Bien Venidos A Madrid!

I’m not even sure if that’s the right way to say welcome to Madrid, but that’s the Airbnb’s wifi password and sounds about right?

THIS PLACE, people! It’s warm, it’s full of green spaces, and the food is fantastic. Let’s come live here!

Oh wait…let’s come live here in Octobers only. Yip – if this is autumn I would be thinking twice before coming here in during summer. We will melt to pavement puddles.

We had some time to kill before we could check into our little (and rather fabulous) Airbnb, so husband took us on one of his legendary strolls. That type of amble that is aimless but manages to get you to all the best places. Eventually.

We managed to stumble upon Plaza de Espana – an accidental find and bit of a brain tease, the conversation went like this:

Husband: “I bet you don’t know who those two on the horses are.”

Me: “Meh?” (Meantime I’ve figured out it is Don Quixote).

Husband: “The one guy is riding a donkey.”

Me: “Aha. It’s Don Quixote.”

Husband: “And the other guy?”

Me: “His name starts with a P. Poncho? Panga? Who knows. I read the book.”

Husband: “Cool. The whole thing?”

Me: “Nope. The boring part. I never finished it.”

Husband laughs: “Cool.”

Me: “That’s Cervantes sitting behind them on the big statue.”

Husband “Who’s Cervantes?”

LOL. Now that we’ve proven we are not cultured and couldn’t care less, let’s move on.

We tried to have lunch at Mercado de San Miguel, which is a tapas market to weep for, but by the time we got there, the quiet, sleepy-Sunday town of Madrid had all but flooded into the old city center.

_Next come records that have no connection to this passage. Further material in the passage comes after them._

(* Consider the FedPBC algorithm described in the context with constant learning rate $\eta$ and $s\ge1$ local steps. Suppose Assumptions (A1), (A2) and (A4) hold, $L\ge1$, and $\eta\le\frac{1}{108L^2s^3(\beta^2+1)(1+\kappa^2L^2)}$. Then for every round $t$, $$\mathbb{E}\left[F(\bar x^{t+1})-F(\bar x^t)\mid\mathcal{F}^t\right]\le-\frac{\eta s}{3}\|\nabla F(\bar x^t)\|^2+\eta s\frac{L^2}{m}\sum_{i=1}^m\|x_i^t-\bar x^t\|^2+6\eta^2s^2L(\zeta^2+\sigma^2)(1+\kappa^2L^2).$$
   Context: Federated learning problem: $m$ clients minimize $F(x)=\frac1m\sum_{i=1}^m F_i(x)$ over $x\in\mathbb{R}^d$, where $F_i(x)=\mathbb{E}_{\xi\sim\mathcal{D}_i}[\ell_i(x;\xi)]$. FedPBC algorithm: fix $s\ge1$, learning rate $\eta>0$ and initial point $x^0$; every client starts with $x_i^0=x^0$. In each round $t$: every client $i$ sets $x_i^{(t,0)}=x_i^t$ and performs $x_i^{(t,k+1)}=x_i^{(t,k)}-\eta\nabla\ell_i(x_i^{(t,k)};\xi_i^t)$ for $k=0,\dots,s-1$ ($\xi_i^t$ a random sample drawn in round $t$), and sets $x_i^{t\star}=x_i^{(t,s)}$. A random set $\mathcal{A}^t\subseteq[m]$ of clients has active uplinks in round $t$ (client $i$ active with unknown, possibly time-varying probability $p_i^t\ge c>0$). If $\mathcal{A}^t\neq\emptyset$ the server sets $x^{t+1}=\frac{1}{|\mathcal{A}^t|}\sum_{i\in\mathcal{A}^t}x_i^{t\star}$, else $x^{t+1}=x^t$; clients $i\in\mathcal{A}^t$ set $x_i^{t+1}=x^{t+1}$, clients $i\notin\mathcal{A}^t$ set $x_i^{t+1}=x_i^{t\star}$. Let $\bar x^t=\frac1m\sum_i x_i^t$ and $\mathcal{F}^t$ the sigma-algebra generated by all randomness up to round $t$. $\kappa=\max_i\frac{(1+\eta L_i)^s-1-s\eta L_i}{\binom{s}{2}(\eta L_i)^2}$ for $s\ge2$, $\kappa=0$ for $s=1$. (A1) For each $i$ and every sample $\xi$, $x\mapsto\nabla\ell_i(x;\xi)$ is $L_i$-Lipschitz; $L:=\max_iL_i$. (A2) $\mathbb{E}[\nabla\ell_i(x_i^t;\xi_i^t)\mid\mathcal{F}^t]=\nabla F_i(x_i^t)$ and $\mathbb{E}[\|\nabla\ell_i(x;\xi_i^t)-\nabla F_i(x)\|^2\mid\mathcal{F}^t]\le\sigma^2$ for all $x,i$. (A4) For some $\beta,\zeta\ge0$ and all $x$: $\frac1m\sum_i\|\nabla F_i(x)-\nabla F(x)\|^2\le\beta^2\|\nabla F(x)\|^2+\zeta^2$. *)

theory Defs
  imports "HOL-Probability.Probability"
begin

text \<open>Clients are indexed by \<open>{..<m}\<close>. Vectors live in a Euclidean space \<open>'a\<close> (i.e. R^d).\<close>

definition local_obj :: "(nat \<Rightarrow> 's measure) \<Rightarrow> (nat \<Rightarrow> 'a \<Rightarrow> 's \<Rightarrow> real) \<Rightarrow> nat \<Rightarrow> 'a \<Rightarrow> real" where
  "local_obj D l i x = (\<integral>\<xi>. l i x \<xi> \<partial>D i)"

definition global_obj :: "nat \<Rightarrow> (nat \<Rightarrow> 's measure) \<Rightarrow> (nat \<Rightarrow> 'a \<Rightarrow> 's \<Rightarrow> real) \<Rightarrow> 'a \<Rightarrow> real" where
  "global_obj m D l x = (1 / real m) * (\<Sum>i<m. local_obj D l i x)"

text \<open>Gradient of the global objective, from the gradients \<open>gF i x = \<nabla>F_i(x)\<close>.\<close>
definition global_grad :: "nat \<Rightarrow> (nat \<Rightarrow> 'a \<Rightarrow> 'a::real_vector) \<Rightarrow> 'a \<Rightarrow> 'a" where
  "global_grad m gF x = (1 / real m) *\<^sub>R (\<Sum>i<m. gF i x)"

definition avg :: "nat \<Rightarrow> (nat \<Rightarrow> 'a::real_vector) \<Rightarrow> 'a" where
  "avg m x = (1 / real m) *\<^sub>R (\<Sum>i<m. x i)"

definition local_steps :: "(nat \<Rightarrow> 'a \<Rightarrow> 's \<Rightarrow> 'a::real_vector) \<Rightarrow> real \<Rightarrow> nat \<Rightarrow> 's \<Rightarrow> nat \<Rightarrow> 'a \<Rightarrow> 'a" where
  "local_steps gl \<eta> i \<xi> k x = ((\<lambda>y. y - \<eta> *\<^sub>R gl i y \<xi>) ^^ k) x"

definition server_update :: "'a \<Rightarrow> nat set \<Rightarrow> (nat \<Rightarrow> 'a::real_vector) \<Rightarrow> 'a" where
  "server_update xsrv A xstar =
     (if A = {} then xsrv else (1 / real (card A)) *\<^sub>R (\<Sum>i\<in>A. xstar i))"

definition client_update :: "'a \<Rightarrow> nat set \<Rightarrow> (nat \<Rightarrow> 'a::real_vector) \<Rightarrow> nat \<Rightarrow> 'a" where
  "client_update xsrv A xstar i =
     (if i \<in> A then server_update xsrv A xstar else xstar i)"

We couldn’t really move through the market, and since my kids could only see other people’s bums they started to get really cranky (who wouldn’t).

We ended up having lunch in a very quiet spot hundred meters away from Mercado de San Miguel. Which was just perfect.

Cranky kids got taken home and I went off to Museum Prado – the 18th most popular museum in the world (I have to throw some random stats in here) – to see some art (trying to reinstall my sense of culture). After two hours of strolling my previous night’s two hours of sleep caught up with. This is day one of seventy-four, I’ve got to pace myself here!

We ended up going out again at around eight at night, kids in tow, to explore our neighborhood. This is a gorgeous time of day, with temperatures cooling at last, and the Spanish, their dogs, and children all out, drinking, barking, and in general being merry. What bliss. Thinking about it, one could do this, really, one could!